* **Task description**
Please copy each line in the records below that contains the string "uvec".

Stored data entries:
• • •

(* Let $1<m<n$ and let $G=K_{m,n}$ be the uniform coloured complete bipartite graph with parts $V_1=\{1,\dots,m\}$ and $V_2=\{m+1,\dots,m+n\}$, with associated linear space $\mathcal L$. Let $E_1^c$ (resp. $E_2^c$) be the set of pairs of distinct vertices in $V_1$ (resp. $V_2$), and $E$ the set of edges $\{i,j\}$ with $i\in V_1$, $j\in V_2$. Then $r=3$, $s=5$, and the vector space of linear forms in $I(\mathcal L^{-1})$ is spanned by $x_{11}-x_{ii}$ ($i\in V_1$); $x_{m+1,m+1}-x_{ii}$ ($i\in V_2$); $x_{12}-x_{ij}$ ($\{i,j\}\in E_1^c$); $x_{m+1,m+2}-x_{ij}$ ($\{i,j\}\in E_2^c$); $x_{1,m+1}-x_{ij}$ ($\{i,j\}\in E$); $m\,x_{12}-n\,x_{m+n-1,m+n}$; and $m\,x_{11}-(n-m)\,x_{m+n-1,m+n}-m\,x_{m+n,m+n}$.
   Context: For a simple graph $G$ on $V=\{1,\dots,N\}$, its uniform coloured version has one vertex colour and one edge colour, and its associated linear space is $\mathcal L=\{\lambda_1I_N+\lambda_2A_2:\lambda_1,\lambda_2\in\mathbb C\}\subseteq\mathbb S^N$, where $A_2$ is the 0/1 adjacency matrix of $G$. The reciprocal variety $\mathcal L^{-1}$ is the Zariski closure of $\{M^{-1}:M\in\mathcal L\text{ invertible}\}$, with vanishing ideal $I(\mathcal L^{-1})\subseteq\mathbb C[x_{ij}:1\le i\le j\le N]$, using $x_{ji}=x_{ij}$. Here $r$ is the number of distinct eigenvalues of $A_2$ and $s$ is the number of orbits of the automorphism group of $G$ acting on unordered pairs $\{i,j\}$ of (not necessarily distinct) vertices via $\{i,j\}\mapsto\{\sigma(i),\sigma(j)\}$. *)

theory Defs
  imports "Jordan_Normal_Form.Char_Poly"
begin

text \<open>A simple graph on V = {1..N} is given by a symmetric irreflexive edge relation E.\<close>

definition adj_mat :: "nat \<Rightarrow> (nat \<Rightarrow> nat \<Rightarrow> bool) \<Rightarrow> complex mat" where
  "adj_mat N E = mat N N (\<lambda>(i,j). if E (i+1) (j+1) then 1 else 0)"
  (* Jordan_Normal_Form matrices are 0-indexed: entry (i,j) corresponds to vertices i+1, j+1 *)
(* Let $\hat B$ be the bus susceptance matrix of a connected power network with bus set $\mathcal N$, let $\mathcal T \subseteq \mathcal N$, and let $t_1 \neq t_2$ be elements of $\mathcal T$. Let $\sigma_\Gamma^2 > 0$. For $i = 1,2$: let $\theta^{(i)}$ be a random vector in $\mathbb R^{\mathcal N}$ with finite second moments and $\theta^{(i)}_{t_i} = 0$; let $S_i$ be uniformly distributed on $\mathcal T \setminus\{t_i\}$; let $\Gamma_i$ be a real random variable with mean $0$ and variance $\sigma_\Gamma^2$; assume $\theta^{(i)}, S_i, \Gamma_i$ mutually independent; and let $\hat\theta^{(i)}$ be the random vector with $\hat\theta^{(i)}_{t_i} = 0$ and $\hat B\hat\theta^{(i)} = \hat B\theta^{(i)} + \Gamma_i u^{S_i,t_i}$. Define $$\omega = \min\{(v^{s,t}_j)^2 : s,t \in \mathcal T,\ s\ne t,\ j \in \mathcal N,\ v^{s,t}_j \neq 0\},\qquad \lambda = \frac{\sigma_\Gamma^2}{|\mathcal T|-1}\,\omega .$$ Then for every bus $k \in \mathcal N$ there exists $i \in \{1,2\}$ such that the $(k,k)$ entry of the covariance matrix of $\hat\theta^{(i)}$ is at least the $(k,k)$ entry of the covariance matrix of $\theta^{(i)}$ plus $\lambda$, i.e. $\operatorname{Var}(\hat\theta^{(i)}_k) \ge \operatorname{Var}(\theta^{(i)}_k) + \lambda$.
   Context: DC power flow model: each line $km$ has reactance $x_{km} > 0$, and $\hat B_{kk} = \sum_{km \ni k} 1/x_{km}$, $\hat B_{km} = -1/x_{km}$ for a line $km$, $\hat B_{km} = 0$ otherwise. For distinct buses $s,t$, $u^{s,t}_s = 1$, $u^{s,t}_t = -1$, $u^{s,t}_k = 0$ otherwise, and $v^{s,t}$ is the unique vector with $\hat B v^{s,t} = u^{s,t}$ and $v^{s,t}_t = 0$. *)

theory Defs
  imports "HOL-Probability.Probability"
begin

text \<open>Buses are the elements of a finite type 'n.  The network is given by a symmetric,
irreflexive line relation and reactances x (only their values on lines matter).\<close>

definition Bhat :: "('n::finite \<Rightarrow> 'n \<Rightarrow> bool) \<Rightarrow> ('n \<Rightarrow> 'n \<Rightarrow> real) \<Rightarrow> 'n \<Rightarrow> 'n \<Rightarrow> real" where
  "Bhat line x k m =
     (if k = m then (\<Sum>j\<in>{j. line k j}. 1 / x k j)
      else if line k m then - 1 / x k m else 0)"

definition uvec :: "'n \<Rightarrow> 'n \<Rightarrow> 'n \<Rightarrow> real" where
  "uvec s t k = (if k = s then 1 else if k = t then -1 else 0)"

definition vvec :: "('n::finite \<Rightarrow> 'n \<Rightarrow> bool) \<Rightarrow> ('n \<Rightarrow> 'n \<Rightarrow> real) \<Rightarrow> 'n \<Rightarrow> 'n \<Rightarrow> 'n \<Rightarrow> real" where
  "vvec line x s t = (THE v. (\<forall>k. (\<Sum>m\<in>UNIV. Bhat line x k m * v m) = uvec s t k) \<and> v t = 0)"

definition omega :: "('n::finite \<Rightarrow> 'n \<Rightarrow> bool) \<Rightarrow> ('n \<Rightarrow> 'n \<Rightarrow> real) \<Rightarrow> 'n set \<Rightarrow> real" where
  "omega line x T = Min {(vvec line x s t j)^2 | s t j. s \<in> T \<and> t \<in> T \<and> s \<noteq> t \<and> vvec line x s t j \<noteq> 0}"

text \<open>Mutual independence of three random variables with (possibly) different codomains,
 following the definition of indep_vars (independence of the generated preimage sigma algebras).\<close>
definition indep3 :: "'a measure \<Rightarrow> ('a \<Rightarrow> 'b) \<Rightarrow> 'b measure \<Rightarrow> ('a \<Rightarrow> 'c) \<Rightarrow> 'c measure
    \<Rightarrow> ('a \<Rightarrow> 'd) \<Rightarrow> 'd measure \<Rightarrow> bool" where
  "indep3 M X MX Y MY Z MZ \<longleftrightarrow>
     X \<in> measurable M MX \<and> Y \<in> measurable M MY \<and> Z \<in> measurable M MZ \<and>
     prob_space.indep_sets M
       (\<lambda>j::nat. if j = 0 then {X -` A \<inter> space M | A. A \<in> sets MX}
                else if j = 1 then {Y -` A \<inter> space M | A. A \<in> sets MY}
                else {Z -` A \<inter> space M | A. A \<in> sets MZ}) {0, 1, 2}"

end

(* Multiplication by \hat B is the weighted Laplacian of the connected network, so a maximum
   principle holds: a function that vanishes on a nonempty set of buses and is harmonic elsewhere
   vanishes identically.  Hence \hat B v = b, v_t = 0 has exactly one solution whenever the entries
   of b sum to zero, and the attacked angles are \hat\theta = \theta + \Gamma v^{S,t}.  Independence
   and E \Gamma = 0 give Var(\hat\theta_k) = Var(\theta_k) + \sigma^2 E[(v^{S,t}_k)^2], and for
   uniform S the last expectation is the average of (v^{s,t}_k)^2 over s in T - {t}, which is at
   least \omega / (|T| - 1) as soon as one v^{s,t}_k is nonzero.  Such an s exists for t = t_1 or
   t = t_2: since v^{t_2,t_1} = v^{t_1,t_2}_{t_1} - v^{t_1,t_2}, if v^{t_1,t_2}_k = v^{t_2,t_1}_k = 0
   then v^{t_1,t_2} vanishes at t_1 and t_2 and is harmonic elsewhere, so it is zero, contradicting
   \hat B v^{t_1,t_2} = u^{t_1,t_2}. *)

theory Submission
  imports Defs
begin

definition Bhat_mulv ::
    "('n::finite \<Rightarrow> 'n \<Rightarrow> bool) \<Rightarrow> ('n \<Rightarrow> 'n \<Rightarrow> real) \<Rightarrow> ('n \<Rightarrow> real) \<Rightarrow> 'n \<Rightarrow> real" where
  "Bhat_mulv line x w r = (\<Sum>m\<in>UNIV. Bhat line x r m * w m)"

lemma Bhat_mulv_add_scaled:
  "Bhat_mulv line x (\<lambda>m. f m + c * g m) r = Bhat_mulv line x f r + c * Bhat_mulv line x g r"
  unfolding Bhat_mulv_def by (simp add: algebra_simps sum.distrib sum_distrib_left)

lemma Bhat_mulv_diff:
  "Bhat_mulv line x (\<lambda>m. f m - g m) r = Bhat_mulv line x f r - Bhat_mulv line x g r"
  unfolding Bhat_mulv_def by (simp add: algebra_simps sum_subtractf)
lemma star_shuffle_summand_eq:
  fixes a :: "nat set list \<Rightarrow> 'k::field_char_0"
  assumes a: "a \<in> PSig M e (n + m)" and A: "A \<subseteq> {..<n + m}" "card A = n" and z: "length z = n + m"
  shows "(\<Sum>x\<in>tlists M d (n + m). \<Sum>y\<in>tlists M e (n + m).
            f (nths x A) * b (nths x ({..<n + m} - A)) * a y * starBasis M d e g x y z)
       = (\<Sum>(p, q)\<in>tlists M e n \<times> tlists M e m. coprod M e (n + m) a (p, q)
            * (star M d e g n n f (delta p) (nths z A)
             * star M d e g m m b (delta q) (nths z ({..<n + m} - A))))"
proof -
  let ?B = "{..<n + m} - A" and ?Td = "tlists M d n \<times> tlists M d m" and ?Te = "tlists M e n \<times> tlists M e m"
  define X where "X u v p q = f u * b v * coprod M e (n + m) a (p, q)
      * (starBasis M d e g u p (nths z A) * starBasis M d e g v q (nths z ?B))" for u v p q
  have "f (nths x A) * b (nths x ?B) * a y * starBasis M d e g x y z
      = X (nths x A) (nths x ?B) (nths y A) (nths y ?B)"
    if "x \<in> tlists M d (n + m)" "y \<in> tlists M e (n + m)" for x y
    using that z starBasis_nths_compl[of x z y M d e g A, where 'k = 'k] coprod_nths[OF a A that(2)]
    by (simp add: X_def tlists_def nths_lessThan_Diff mult_ac)
  then have "(\<Sum>x\<in>tlists M d (n + m). \<Sum>y\<in>tlists M e (n + m).
            f (nths x A) * b (nths x ?B) * a y * starBasis M d e g x y z)
      = (\<Sum>x\<in>tlists M d (n + m). \<Sum>(p, q)\<in>?Te. X (nths x A) (nths x ?B) p q)"
    by (simp add: sum_tlists_nths[OF A, where h = "X _ _"])
  also have "\<dots> = (\<Sum>(u, v)\<in>?Td. \<Sum>(p, q)\<in>?Te. X u v p q)"
    by (rule sum_tlists_nths[OF A, where h = "\<lambda>u v. \<Sum>(p, q)\<in>?Te. X u v p q"])
  also have "\<dots> = (\<Sum>(p, q)\<in>?Te. \<Sum>(u, v)\<in>?Td. X u v p q)"
    unfolding case_prod_beta by (rule sum.swap)
  also have "\<dots> = (\<Sum>(p, q)\<in>?Te. coprod M e (n + m) a (p, q)
      * (star M d e g n n f (delta p) (nths z A) * star M d e g m m b (delta q) (nths z ?B)))"
  proof (intro sum.cong refl, clarify)
    fix p q assume "p \<in> tlists M e n" "q \<in> tlists M e m"
    then have "star M d e g n n f (delta p) (nths z A) * star M d e g m m b (delta q) (nths z ?B)
        = (\<Sum>u\<in>tlists M d n. f u * starBasis M d e g u p (nths z A))
        * (\<Sum>v\<in>tlists M d m. b v * starBasis M d e g v q (nths z ?B))"
      by (simp add: star_delta)
    also have "\<dots> = (\<Sum>(u, v)\<in>?Td. f u * starBasis M d e g u p (nths z A)
        * (b v * starBasis M d e g v q (nths z ?B)))"
      by (simp add: sum_product sum.cartesian_product)
    finally show "(\<Sum>(u, v)\<in>?Td. X u v p q) = coprod M e (n + m) a (p, q)
        * (star M d e g n n f (delta p) (nths z A) * star M d e g m m b (delta q) (nths z ?B))"
      by (simp add: X_def sum_distrib_left case_prod_beta mult_ac)
  qed
  finally show ?thesis .
qed
(* The lattice width of a Delzant polytope $\Delta\subseteq\mathbb{R}^d$ coincides with its facet width.
   Context: A Delzant polytope is a full-dimensional polytope $\Delta\subseteq\mathbb{R}^d$ whose normal fan consists of unimodular cones, i.e. at each vertex the primitive inner normals of the incident facets form a basis of $(\mathbb{Z}^d)^*$. For $u\ne0$, $\mathrm{width}_u(\Delta)=\max_{x,y\in\Delta}|u(x)-u(y)|$. The lattice width is $\min_{u\in(\mathbb{Z}^d)^*\setminus\{0\}}\mathrm{width}_u(\Delta)$; the facet width is the minimum of $\mathrm{width}_u(\Delta)$ over the primitive facet normals $u\in(\mathbb{Z}^d)^*$ of $\Delta$. *)

theory Defs
  imports "HOL-Analysis.Analysis"
begin

text \<open>Lattice functionals: elements of the dual lattice, represented by integer
  coefficient vectors u, acting on real^'d by u(x) = sum_i u_i x_i.\<close>

definition lfun :: "int ^ 'd \<Rightarrow> real ^ 'd \<Rightarrow> real" where
  "lfun u x = (\<Sum>i\<in>UNIV. real_of_int (u $ i) * x $ i)"

definition primitive :: "int ^ 'd \<Rightarrow> bool" where
  "primitive u \<longleftrightarrow> u \<noteq> 0 \<and> (\<forall>k::int. (\<forall>i. k dvd u $ i) \<longrightarrow> \<bar>k\<bar> = 1)"

definition primitive_inner_normal :: "(real ^ 'd) set \<Rightarrow> (real ^ 'd) set \<Rightarrow> int ^ 'd \<Rightarrow> bool" where
  "primitive_inner_normal P F u \<longleftrightarrow>
     primitive u \<and> F = {x \<in> P. \<forall>y\<in>P. lfun u x \<le> lfun u y}"

definition incident_normals :: "(real ^ 'd) set \<Rightarrow> real ^ 'd \<Rightarrow> (int ^ 'd) set" where
  "incident_normals P v = {u. \<exists>F. F facet_of P \<and> v \<in> F \<and> primitive_inner_normal P F u}"

definition delzant :: "(real ^ 'd) set \<Rightarrow> bool" where
  "delzant P \<longleftrightarrow> polytope P \<and> interior P \<noteq> {} \<and>
     (\<forall>F. F facet_of P \<longrightarrow> (\<exists>u. primitive_inner_normal P F u)) \<and>
     (\<forall>v. v extreme_point_of P \<longrightarrow>
        (\<exists>b :: 'd \<Rightarrow> int ^ 'd. bij_betw b UNIV (incident_normals P v) \<and>
            \<bar>det (\<chi> i j. b i $ j)\<bar> = 1))"

definition width_dir :: "int ^ 'd \<Rightarrow> (real ^ 'd) set \<Rightarrow> real" where
  "width_dir u P = (SUP xy\<in>P \<times> P. \<bar>lfun u (fst xy) - lfun u (snd xy)\<bar>)"

definition lattice_width :: "(real ^ 'd) set \<Rightarrow> real" where
  "lattice_width P = (INF u\<in>{u::int ^ 'd. u \<noteq> 0}. width_dir u P)"

definition facet_width :: "(real ^ 'd) set \<Rightarrow> real" where
  "facet_width P = (INF u\<in>{u. \<exists>F. F facet_of P \<and> primitive_inner_normal P F u}. width_dir u P)"

end

theory Submission
  imports Defs
begin

text \<open>Let u be a nonzero integral functional and v a vertex of P at which u is minimal. The
primitive normals u_1, ..., u_d of the facets through v form a lattice basis, so
u = c_1 u_1 + ... + c_d u_d with integers c_i. Moving from v along the edge on which all u_i but
u_k are constant stays inside P and cannot decrease u, hence c_k \<ge> 0; as u \<noteq> 0, some c_j \<ge> 1.
Since every u_i - u_i(v) is nonnegative on P, we get 0 \<le> u_j - u_j(v) \<le> u - u(v) on P, so the
width of P in the facet direction u_j is at most its width in direction u.\<close>

lemma cINF_eq_if_dominated:
  fixes f :: "'a \<Rightarrow> 'b::conditionally_complete_linorder"
  assumes "B \<subseteq> A" "A \<noteq> {}" "bdd_below (f ` A)" and dom: "\<And>a. a \<in> A \<Longrightarrow> \<exists>b\<in>B. f b \<le> f a"
  shows "(INF a\<in>A. f a) = (INF b\<in>B. f b)"
proof (rule order.antisym)
  have "B \<noteq> {}" using assms(2) dom by blast
  then show "(INF a\<in>A. f a) \<le> (INF b\<in>B. f b)"
    by (rule cINF_superset_mono[OF _ assms(3,1)]) simp
  have bdd_B: "bdd_below (f ` B)" using assms(3) by (rule bdd_below_mono) (use assms(1) in blast)
  show "(INF b\<in>B. f b) \<le> (INF a\<in>A. f a)"
  proof (rule cINF_greatest[OF assms(2)])
    fix a assume "a \<in> A"
    then obtain b where "b \<in> B" "f b \<le> f a" using dom by blast
    have "(INF b\<in>B. f b) \<le> f b" using bdd_B \<open>b \<in> B\<close> by (rule cINF_lower)
    then show "(INF b\<in>B. f b) \<le> f a" using \<open>f b \<le> f a\<close> by (rule order_trans)
  qed
qed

• • •

* **Result**
definition uvec :: "'n \<Rightarrow> 'n \<Rightarrow> 'n \<Rightarrow> real" where
  "uvec s t k = (if k = s then 1 else if k = t then -1 else 0)"
  "vvec line x s t = (THE v. (\<forall>k. (\<Sum>m\<in>UNIV. Bhat line x k m * v m) = uvec s t k) \<and> v t = 0)"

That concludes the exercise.